GOAL OF THE EXERCISE:
Output only the lines below from the one containing "theory Defs" to the one containing "text \<open>", exactly as written, both ends kept.

Stored records:
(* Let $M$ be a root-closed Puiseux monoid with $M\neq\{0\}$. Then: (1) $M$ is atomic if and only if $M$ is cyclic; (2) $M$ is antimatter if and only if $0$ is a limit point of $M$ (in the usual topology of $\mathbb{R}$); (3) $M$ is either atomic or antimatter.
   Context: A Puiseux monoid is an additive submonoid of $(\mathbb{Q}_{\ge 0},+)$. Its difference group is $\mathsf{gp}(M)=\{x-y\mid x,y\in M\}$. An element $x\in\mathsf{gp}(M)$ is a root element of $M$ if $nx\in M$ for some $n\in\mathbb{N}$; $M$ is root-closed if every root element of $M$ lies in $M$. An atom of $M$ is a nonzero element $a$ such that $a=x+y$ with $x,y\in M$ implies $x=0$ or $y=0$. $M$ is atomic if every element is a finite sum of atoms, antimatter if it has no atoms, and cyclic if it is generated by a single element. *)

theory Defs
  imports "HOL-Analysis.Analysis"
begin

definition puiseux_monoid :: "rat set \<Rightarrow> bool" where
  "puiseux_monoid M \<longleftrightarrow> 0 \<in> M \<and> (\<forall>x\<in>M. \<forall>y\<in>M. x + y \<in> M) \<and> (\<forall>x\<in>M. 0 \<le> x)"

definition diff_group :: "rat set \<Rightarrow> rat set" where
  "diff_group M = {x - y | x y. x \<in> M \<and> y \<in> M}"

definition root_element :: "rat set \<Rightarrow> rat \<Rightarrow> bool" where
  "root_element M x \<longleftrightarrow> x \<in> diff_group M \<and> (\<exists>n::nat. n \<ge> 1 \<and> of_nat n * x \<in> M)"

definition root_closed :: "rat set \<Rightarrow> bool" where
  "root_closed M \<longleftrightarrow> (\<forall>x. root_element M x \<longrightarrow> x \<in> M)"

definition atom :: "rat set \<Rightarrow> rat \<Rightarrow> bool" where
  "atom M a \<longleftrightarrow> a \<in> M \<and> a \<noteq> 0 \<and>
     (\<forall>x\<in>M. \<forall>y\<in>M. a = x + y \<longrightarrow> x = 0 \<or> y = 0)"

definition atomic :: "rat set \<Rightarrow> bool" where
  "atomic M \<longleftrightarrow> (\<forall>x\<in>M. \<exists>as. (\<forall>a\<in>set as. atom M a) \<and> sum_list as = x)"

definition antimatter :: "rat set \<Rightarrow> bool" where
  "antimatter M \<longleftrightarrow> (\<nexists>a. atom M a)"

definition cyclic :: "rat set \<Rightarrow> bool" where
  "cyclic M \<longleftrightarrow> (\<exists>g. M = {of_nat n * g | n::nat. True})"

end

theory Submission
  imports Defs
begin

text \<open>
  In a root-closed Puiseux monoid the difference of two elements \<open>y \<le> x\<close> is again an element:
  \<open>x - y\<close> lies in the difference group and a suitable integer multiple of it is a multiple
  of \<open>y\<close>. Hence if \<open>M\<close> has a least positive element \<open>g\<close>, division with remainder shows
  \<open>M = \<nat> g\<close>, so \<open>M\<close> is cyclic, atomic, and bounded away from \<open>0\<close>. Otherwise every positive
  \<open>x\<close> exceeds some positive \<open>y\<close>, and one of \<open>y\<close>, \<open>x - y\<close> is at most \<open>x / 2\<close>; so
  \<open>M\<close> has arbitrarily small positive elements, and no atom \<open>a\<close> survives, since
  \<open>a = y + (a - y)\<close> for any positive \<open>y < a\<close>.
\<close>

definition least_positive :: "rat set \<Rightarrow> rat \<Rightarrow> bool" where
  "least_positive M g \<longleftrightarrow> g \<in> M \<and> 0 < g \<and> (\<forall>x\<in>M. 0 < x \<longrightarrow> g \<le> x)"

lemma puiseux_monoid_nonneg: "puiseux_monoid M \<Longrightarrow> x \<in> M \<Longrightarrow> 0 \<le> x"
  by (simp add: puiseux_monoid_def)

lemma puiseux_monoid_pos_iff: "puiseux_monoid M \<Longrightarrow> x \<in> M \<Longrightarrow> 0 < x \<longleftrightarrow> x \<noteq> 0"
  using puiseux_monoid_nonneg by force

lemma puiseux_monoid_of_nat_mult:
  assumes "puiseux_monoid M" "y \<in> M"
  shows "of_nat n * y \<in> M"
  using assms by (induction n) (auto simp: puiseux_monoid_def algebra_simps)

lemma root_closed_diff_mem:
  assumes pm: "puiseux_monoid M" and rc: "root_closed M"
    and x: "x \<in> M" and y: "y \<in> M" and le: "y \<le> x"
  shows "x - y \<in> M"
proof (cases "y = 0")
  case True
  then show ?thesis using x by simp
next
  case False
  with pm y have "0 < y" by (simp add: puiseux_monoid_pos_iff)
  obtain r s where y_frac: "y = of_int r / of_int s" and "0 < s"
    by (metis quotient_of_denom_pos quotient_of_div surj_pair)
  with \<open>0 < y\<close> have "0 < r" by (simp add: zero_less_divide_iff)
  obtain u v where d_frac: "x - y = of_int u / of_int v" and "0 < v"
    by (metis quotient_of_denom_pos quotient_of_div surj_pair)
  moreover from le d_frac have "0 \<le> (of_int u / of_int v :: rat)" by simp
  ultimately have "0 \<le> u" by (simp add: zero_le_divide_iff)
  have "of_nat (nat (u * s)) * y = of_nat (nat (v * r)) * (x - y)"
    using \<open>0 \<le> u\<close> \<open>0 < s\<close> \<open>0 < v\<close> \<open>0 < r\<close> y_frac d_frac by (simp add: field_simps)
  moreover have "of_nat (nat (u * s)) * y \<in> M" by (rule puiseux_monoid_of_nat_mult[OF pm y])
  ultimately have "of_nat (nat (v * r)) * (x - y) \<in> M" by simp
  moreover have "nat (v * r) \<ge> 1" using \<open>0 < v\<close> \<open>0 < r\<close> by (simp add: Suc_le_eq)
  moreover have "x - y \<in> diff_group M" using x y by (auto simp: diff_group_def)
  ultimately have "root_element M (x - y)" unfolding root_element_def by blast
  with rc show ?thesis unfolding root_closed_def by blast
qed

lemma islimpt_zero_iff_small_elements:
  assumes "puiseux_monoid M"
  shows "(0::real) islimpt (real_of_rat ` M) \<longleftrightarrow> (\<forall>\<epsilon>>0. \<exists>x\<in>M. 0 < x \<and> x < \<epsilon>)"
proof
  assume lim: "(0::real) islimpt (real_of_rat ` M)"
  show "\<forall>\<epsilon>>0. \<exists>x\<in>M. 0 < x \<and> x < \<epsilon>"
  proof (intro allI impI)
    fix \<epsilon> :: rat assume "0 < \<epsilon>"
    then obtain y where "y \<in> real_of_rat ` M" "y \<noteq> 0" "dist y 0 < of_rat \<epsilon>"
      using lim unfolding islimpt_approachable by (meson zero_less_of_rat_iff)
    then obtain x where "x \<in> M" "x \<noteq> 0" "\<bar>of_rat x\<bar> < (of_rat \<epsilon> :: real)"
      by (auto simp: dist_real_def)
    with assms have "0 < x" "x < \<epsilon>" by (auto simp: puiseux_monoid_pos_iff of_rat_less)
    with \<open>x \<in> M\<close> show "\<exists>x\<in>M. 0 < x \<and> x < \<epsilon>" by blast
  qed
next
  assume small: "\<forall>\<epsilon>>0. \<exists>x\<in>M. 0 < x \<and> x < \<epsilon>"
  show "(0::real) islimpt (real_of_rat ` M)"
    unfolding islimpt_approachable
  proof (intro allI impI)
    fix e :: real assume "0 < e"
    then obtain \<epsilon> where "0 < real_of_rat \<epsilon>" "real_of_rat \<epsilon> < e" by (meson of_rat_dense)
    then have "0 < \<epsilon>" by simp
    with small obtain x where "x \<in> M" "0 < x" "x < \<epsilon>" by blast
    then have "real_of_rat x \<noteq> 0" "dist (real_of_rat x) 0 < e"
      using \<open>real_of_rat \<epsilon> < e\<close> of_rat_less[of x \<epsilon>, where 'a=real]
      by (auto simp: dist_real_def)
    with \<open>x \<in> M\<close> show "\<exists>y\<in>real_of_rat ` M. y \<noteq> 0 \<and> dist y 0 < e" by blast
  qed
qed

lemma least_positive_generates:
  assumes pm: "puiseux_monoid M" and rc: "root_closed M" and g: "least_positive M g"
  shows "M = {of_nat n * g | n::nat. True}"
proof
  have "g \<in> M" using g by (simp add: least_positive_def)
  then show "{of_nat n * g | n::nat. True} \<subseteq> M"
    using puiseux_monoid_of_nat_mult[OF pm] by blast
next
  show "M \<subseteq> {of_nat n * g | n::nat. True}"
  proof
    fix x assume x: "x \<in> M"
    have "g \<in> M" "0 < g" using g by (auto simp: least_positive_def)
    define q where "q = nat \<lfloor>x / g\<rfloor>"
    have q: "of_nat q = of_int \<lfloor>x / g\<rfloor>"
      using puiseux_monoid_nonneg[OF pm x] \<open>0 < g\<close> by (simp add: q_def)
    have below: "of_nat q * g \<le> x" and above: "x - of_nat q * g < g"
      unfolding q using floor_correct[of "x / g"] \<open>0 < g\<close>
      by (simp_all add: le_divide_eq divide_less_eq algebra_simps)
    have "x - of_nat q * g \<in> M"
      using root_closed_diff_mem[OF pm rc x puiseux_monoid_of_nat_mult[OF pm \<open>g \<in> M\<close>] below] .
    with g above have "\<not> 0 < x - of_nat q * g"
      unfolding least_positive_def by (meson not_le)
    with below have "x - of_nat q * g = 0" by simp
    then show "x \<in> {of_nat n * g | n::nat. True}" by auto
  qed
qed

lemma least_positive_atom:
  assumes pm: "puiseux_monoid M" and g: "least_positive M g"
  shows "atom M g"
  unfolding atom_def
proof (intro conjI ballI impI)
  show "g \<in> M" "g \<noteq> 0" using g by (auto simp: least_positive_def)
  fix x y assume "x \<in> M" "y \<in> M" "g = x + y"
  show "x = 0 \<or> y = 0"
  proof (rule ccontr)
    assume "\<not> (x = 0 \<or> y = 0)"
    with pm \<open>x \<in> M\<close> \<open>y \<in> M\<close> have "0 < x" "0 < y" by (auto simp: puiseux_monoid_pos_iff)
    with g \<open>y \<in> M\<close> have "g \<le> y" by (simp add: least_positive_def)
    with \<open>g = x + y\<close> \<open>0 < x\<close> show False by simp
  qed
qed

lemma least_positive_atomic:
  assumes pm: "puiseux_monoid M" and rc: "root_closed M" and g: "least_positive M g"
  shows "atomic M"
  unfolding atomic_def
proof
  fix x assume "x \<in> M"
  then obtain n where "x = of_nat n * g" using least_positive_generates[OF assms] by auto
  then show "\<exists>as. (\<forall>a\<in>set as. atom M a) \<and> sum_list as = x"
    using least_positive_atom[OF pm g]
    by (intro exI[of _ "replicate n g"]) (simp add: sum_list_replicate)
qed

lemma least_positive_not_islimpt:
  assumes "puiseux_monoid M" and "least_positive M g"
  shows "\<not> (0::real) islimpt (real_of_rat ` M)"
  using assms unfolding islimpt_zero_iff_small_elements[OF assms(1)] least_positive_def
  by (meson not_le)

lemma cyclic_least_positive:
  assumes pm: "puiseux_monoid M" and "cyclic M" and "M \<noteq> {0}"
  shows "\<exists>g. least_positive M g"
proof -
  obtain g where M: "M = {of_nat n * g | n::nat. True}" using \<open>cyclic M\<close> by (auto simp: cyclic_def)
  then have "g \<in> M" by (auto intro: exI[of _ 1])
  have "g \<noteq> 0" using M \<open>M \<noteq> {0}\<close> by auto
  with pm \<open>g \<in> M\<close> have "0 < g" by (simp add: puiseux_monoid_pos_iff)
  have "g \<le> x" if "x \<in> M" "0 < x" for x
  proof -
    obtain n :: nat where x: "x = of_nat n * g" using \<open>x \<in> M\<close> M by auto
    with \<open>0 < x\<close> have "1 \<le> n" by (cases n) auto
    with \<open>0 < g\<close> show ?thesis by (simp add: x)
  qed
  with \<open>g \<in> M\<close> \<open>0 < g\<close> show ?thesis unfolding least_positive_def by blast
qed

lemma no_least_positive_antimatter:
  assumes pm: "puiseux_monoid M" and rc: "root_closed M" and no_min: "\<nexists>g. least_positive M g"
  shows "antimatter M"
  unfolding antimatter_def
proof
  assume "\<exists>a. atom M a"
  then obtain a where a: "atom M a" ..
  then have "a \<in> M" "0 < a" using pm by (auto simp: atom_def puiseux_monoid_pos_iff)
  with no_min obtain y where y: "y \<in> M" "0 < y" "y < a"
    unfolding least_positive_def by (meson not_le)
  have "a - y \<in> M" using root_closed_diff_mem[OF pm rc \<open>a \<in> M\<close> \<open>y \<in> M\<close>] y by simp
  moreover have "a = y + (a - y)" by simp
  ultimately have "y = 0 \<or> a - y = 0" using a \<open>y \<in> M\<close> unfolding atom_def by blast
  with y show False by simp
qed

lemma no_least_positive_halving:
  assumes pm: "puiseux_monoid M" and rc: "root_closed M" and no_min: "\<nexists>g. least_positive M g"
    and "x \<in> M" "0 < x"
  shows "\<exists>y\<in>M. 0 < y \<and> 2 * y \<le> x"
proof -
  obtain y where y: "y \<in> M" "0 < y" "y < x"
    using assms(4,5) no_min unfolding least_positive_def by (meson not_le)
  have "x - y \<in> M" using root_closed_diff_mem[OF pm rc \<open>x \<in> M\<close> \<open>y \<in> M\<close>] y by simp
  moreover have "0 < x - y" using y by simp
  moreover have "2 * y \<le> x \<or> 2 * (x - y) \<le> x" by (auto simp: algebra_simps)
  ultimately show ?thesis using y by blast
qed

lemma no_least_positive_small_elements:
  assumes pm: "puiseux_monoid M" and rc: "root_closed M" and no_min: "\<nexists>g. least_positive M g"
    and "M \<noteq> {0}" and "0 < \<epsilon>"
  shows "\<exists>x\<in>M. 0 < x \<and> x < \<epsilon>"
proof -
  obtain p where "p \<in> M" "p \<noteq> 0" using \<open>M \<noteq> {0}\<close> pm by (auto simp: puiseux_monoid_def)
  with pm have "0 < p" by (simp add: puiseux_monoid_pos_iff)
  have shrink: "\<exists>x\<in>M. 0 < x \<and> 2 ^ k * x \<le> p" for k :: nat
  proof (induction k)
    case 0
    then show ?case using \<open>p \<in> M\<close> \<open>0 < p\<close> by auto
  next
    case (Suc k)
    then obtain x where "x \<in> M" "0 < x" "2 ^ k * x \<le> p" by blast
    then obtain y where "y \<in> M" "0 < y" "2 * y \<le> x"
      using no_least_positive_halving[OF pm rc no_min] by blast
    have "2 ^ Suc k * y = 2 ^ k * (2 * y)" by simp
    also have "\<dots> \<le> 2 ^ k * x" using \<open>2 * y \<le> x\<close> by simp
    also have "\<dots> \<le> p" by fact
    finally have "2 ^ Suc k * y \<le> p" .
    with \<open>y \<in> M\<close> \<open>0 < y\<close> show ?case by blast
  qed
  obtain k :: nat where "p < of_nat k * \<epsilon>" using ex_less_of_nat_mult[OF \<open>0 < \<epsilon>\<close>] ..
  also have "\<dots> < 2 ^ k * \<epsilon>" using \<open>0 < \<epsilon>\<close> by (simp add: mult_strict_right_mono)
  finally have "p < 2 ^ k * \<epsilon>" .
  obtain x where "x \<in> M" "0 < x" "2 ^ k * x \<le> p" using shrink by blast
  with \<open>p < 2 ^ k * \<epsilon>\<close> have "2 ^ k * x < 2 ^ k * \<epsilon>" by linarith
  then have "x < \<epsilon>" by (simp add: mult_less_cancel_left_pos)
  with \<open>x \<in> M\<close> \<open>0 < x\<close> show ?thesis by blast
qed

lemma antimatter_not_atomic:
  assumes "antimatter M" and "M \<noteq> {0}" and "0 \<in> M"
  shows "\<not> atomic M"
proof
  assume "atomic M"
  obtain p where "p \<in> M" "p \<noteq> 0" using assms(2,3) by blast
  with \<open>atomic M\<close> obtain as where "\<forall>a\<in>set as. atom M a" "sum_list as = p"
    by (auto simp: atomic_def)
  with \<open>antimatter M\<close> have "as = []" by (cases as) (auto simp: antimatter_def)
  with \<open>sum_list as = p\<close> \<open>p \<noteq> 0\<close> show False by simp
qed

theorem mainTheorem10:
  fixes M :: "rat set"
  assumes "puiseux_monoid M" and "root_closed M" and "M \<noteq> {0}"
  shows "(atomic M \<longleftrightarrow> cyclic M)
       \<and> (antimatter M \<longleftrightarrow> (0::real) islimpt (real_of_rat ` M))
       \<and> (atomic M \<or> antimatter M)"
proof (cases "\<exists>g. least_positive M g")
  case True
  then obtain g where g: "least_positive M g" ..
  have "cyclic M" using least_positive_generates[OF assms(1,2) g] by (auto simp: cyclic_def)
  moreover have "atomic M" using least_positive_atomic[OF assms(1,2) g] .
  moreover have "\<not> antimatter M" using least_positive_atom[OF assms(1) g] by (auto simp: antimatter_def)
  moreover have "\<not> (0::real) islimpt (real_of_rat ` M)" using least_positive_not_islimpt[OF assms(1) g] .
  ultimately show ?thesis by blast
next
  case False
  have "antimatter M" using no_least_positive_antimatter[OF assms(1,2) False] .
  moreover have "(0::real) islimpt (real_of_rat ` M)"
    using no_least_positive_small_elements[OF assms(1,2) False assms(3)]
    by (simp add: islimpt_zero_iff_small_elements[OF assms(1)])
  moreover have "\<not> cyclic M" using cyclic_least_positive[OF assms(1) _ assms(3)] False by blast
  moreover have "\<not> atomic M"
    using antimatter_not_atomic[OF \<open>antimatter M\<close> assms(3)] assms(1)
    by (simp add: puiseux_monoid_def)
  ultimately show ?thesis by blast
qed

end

ANSWER SECTION:
theory Defs
  imports "HOL-Analysis.Analysis"
begin

definition puiseux_monoid :: "rat set \<Rightarrow> bool" where
  "puiseux_monoid M \<longleftrightarrow> 0 \<in> M \<and> (\<forall>x\<in>M. \<forall>y\<in>M. x + y \<in> M) \<and> (\<forall>x\<in>M. 0 \<le> x)"

definition diff_group :: "rat set \<Rightarrow> rat set" where
  "diff_group M = {x - y | x y. x \<in> M \<and> y \<in> M}"

definition root_element :: "rat set \<Rightarrow> rat \<Rightarrow> bool" where
  "root_element M x \<longleftrightarrow> x \<in> diff_group M \<and> (\<exists>n::nat. n \<ge> 1 \<and> of_nat n * x \<in> M)"

definition root_closed :: "rat set \<Rightarrow> bool" where
  "root_closed M \<longleftrightarrow> (\<forall>x. root_element M x \<longrightarrow> x \<in> M)"

definition atom :: "rat set \<Rightarrow> rat \<Rightarrow> bool" where
  "atom M a \<longleftrightarrow> a \<in> M \<and> a \<noteq> 0 \<and>
     (\<forall>x\<in>M. \<forall>y\<in>M. a = x + y \<longrightarrow> x = 0 \<or> y = 0)"

definition atomic :: "rat set \<Rightarrow> bool" where
  "atomic M \<longleftrightarrow> (\<forall>x\<in>M. \<exists>as. (\<forall>a\<in>set as. atom M a) \<and> sum_list as = x)"

definition antimatter :: "rat set \<Rightarrow> bool" where
  "antimatter M \<longleftrightarrow> (\<nexists>a. atom M a)"

definition cyclic :: "rat set \<Rightarrow> bool" where
  "cyclic M \<longleftrightarrow> (\<exists>g. M = {of_nat n * g | n::nat. True})"

end

theory Submission
  imports Defs
begin

text \<open>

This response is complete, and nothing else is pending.